Worker
MuZeroCollector
- class lzero.worker.muzero_collector.MuZeroCollector(collect_print_freq: int = 100, env: BaseEnvManager = None, policy: namedtuple = None, tb_logger: SummaryWriter = None, exp_name: str | None = 'default_experiment', instance_name: str | None = 'collector', policy_config: policy_config = None)[source]
Bases:
ISerialCollector
- Overview:
The Episode Collector for MCTS+RL algorithms, including MuZero, EfficientZero, Sampled EfficientZero, Gumbel MuZero. It manages the data collection process for training these algorithms using a serial mechanism.
- Interfaces:
__init__
,reset
,reset_env
,reset_policy
,_reset_stat
,envstep
,__del__
,_compute_priorities
,pad_and_save_last_trajectory
,collect
,_output_log
,close
- Properties:
envstep
- __init__(collect_print_freq: int = 100, env: BaseEnvManager = None, policy: namedtuple = None, tb_logger: SummaryWriter = None, exp_name: str | None = 'default_experiment', instance_name: str | None = 'collector', policy_config: policy_config = None) None [source]
- Overview:
Initialize the MuZeroCollector with the given parameters.
- Parameters:
collect_print_freq (-) – Frequency (in training steps) at which to print collection information.
env (-) – Instance of the subclass of vectorized environment manager.
policy (-) – namedtuple of the collection mode policy API.
tb_logger (-) – TensorBoard logger instance.
exp_name (-) – Name of the experiment, used for logging and saving purposes.
instance_name (-) – Unique identifier for this collector instance.
policy_config (-) – Configuration object for the policy.
- _abc_impl = <_abc._abc_data object>
- _compute_priorities(i: int, pred_values_lst: List[float], search_values_lst: List[float]) ndarray [source]
- Overview:
Compute the priorities for transitions based on prediction and search value discrepancies.
- Parameters:
i (-) – Index of the values in the list to compute the priority for.
pred_values_lst (-) – List of predicted values.
search_values_lst (-) – List of search values obtained from MCTS.
- Returns:
Array of computed priorities.
- Return type:
priorities (
np.ndarray
)
- _output_log(train_iter: int) None [source]
- Overview:
Log the collector’s data and output the log information.
- Parameters:
train_iter (-) – Current training iteration number for logging context.

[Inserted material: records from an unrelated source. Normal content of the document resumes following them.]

(* Let $\mathcal H$ be a finite-dimensional Hilbert space, $\rho=|\psi\rangle\langle\psi|$ a pure state, and let $\mathcal S=\{\rho,\sigma^{(1)},\dots,\sigma^{(n)}\}$ be a medium consistent family of histories. Then there exists a medium consistent family $\mathcal S'=\{\rho,\sigma'^{(1)},\dots,\sigma'^{(n)}\}$ in which each $\sigma'^{(i)}=\{|\phi^{(i)}_j\rangle\langle\phi^{(i)}_j|\}_j$ consists of rank-1 projectors and is a fine graining of $\sigma^{(i)}$.
   Context: A set of projectors $\sigma=\{P_\alpha\}_{\alpha=1,\dots,m}$ on $\mathcal H$ is exhaustive and exclusive if $\sum_\alpha P_\alpha=\mathbb 1$ and $P_\alpha P_\beta=\delta_{\alpha\beta}P_\alpha$. A family of histories $\{\rho,\sigma^{(1)},\dots,\sigma^{(n)}\}$ consists of an initial density matrix $\rho$ and exhaustive exclusive sets $\sigma^{(j)}=\{P^{(j)}_{\alpha_j}\}$ (Heisenberg-picture projectors at successive times $t_1<\dots<t_n$). A history is a tuple $\alpha=(\alpha_1,\dots,\alpha_n)$ with history operator $C_\alpha=P^{(1)}_{\alpha_1}\cdots P^{(n)}_{\alpha_n}$, probability $Pr(\alpha)=\mathrm{Tr}\{C_\alpha^\dagger\rho C_\alpha\}$ and coherence function $D(\alpha;\beta)=\mathrm{Tr}\{C_\alpha^\dagger\rho C_\beta\}$. The family is medium consistent if $D(\alpha;\beta)=\delta_{\alpha\beta}Pr(\alpha)$ for all histories $\alpha,\beta$. An exhaustive exclusive set $\sigma'$ is a fine graining of $\sigma$ if every projector of $\sigma$ is a sum of projectors of $\sigma'$ (equivalently $\sigma$ is a coarse graining of $\sigma'$). *)

theory Defs
  imports "HOL-Analysis.Analysis"
begin

type_synonym 'n cmat = "complex^'n^'n"

definition dagger :: "('n::finite) cmat \<Rightarrow> 'n cmat" where
  "dagger A = (\<chi> i j. cnj (A $ j $ i))"

definition mtrace :: "('n::finite) cmat \<Rightarrow> complex" where
  "mtrace A = (\<Sum>i\<in>UNIV. A $ i $ i)"

definition outer :: "complex^('n::finite) \<Rightarrow> complex^'n \<Rightarrow> 'n cmat" where
  "outer \<psi> \<phi> = (\<chi> i j. \<psi> $ i * cnj (\<phi> $ j))"

definition is_projector :: "('n::finite) cmat \<Rightarrow> bool" where
  "is_projector P \<longleftrightarrow> P ** P = P \<and> dagger P = P"

definition rank1_projector :: "('n::finite) cmat \<Rightarrow> bool" where
  "rank1_projector P \<longleftrightarrow> (\<exists>\<phi>. norm \<phi> = 1 \<and> P = outer \<phi> \<phi>)"

definition pure_state :: "('n::finite) cmat \<Rightarrow> bool" where
  "pure_state \<rho> \<longleftrightarrow> (\<exists>\<psi>. norm \<psi> = 1 \<and> \<rho> = outer \<psi> \<psi>)"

- _reset_stat(env_id: int) None [source]
- Overview:
Reset the collector’s state. Including reset the traj_buffer, obs_pool, policy_output_pool and env_info. Reset these states according to env_id. You can refer to base_serial_collector to get more messages.
- Parameters:
env_id (-) – the id where we need to reset the collector’s state
- close() None [source]
- Overview:
Close the collector. If end_flag is False, close the environment, flush the tb_logger and close the tb_logger.
- collect(n_episode: int | None = None, train_iter: int = 0, policy_kwargs: dict | None = None, collect_with_pure_policy: bool = False) List[Any] [source]
- Overview:
Collect n_episode episodes of data with policy_kwargs, trained for train_iter iterations.
- Parameters:
n_episode (-) – Number of episodes to collect.
train_iter (-) – Number of training iterations completed so far.
policy_kwargs (-) – Additional keyword arguments for the policy.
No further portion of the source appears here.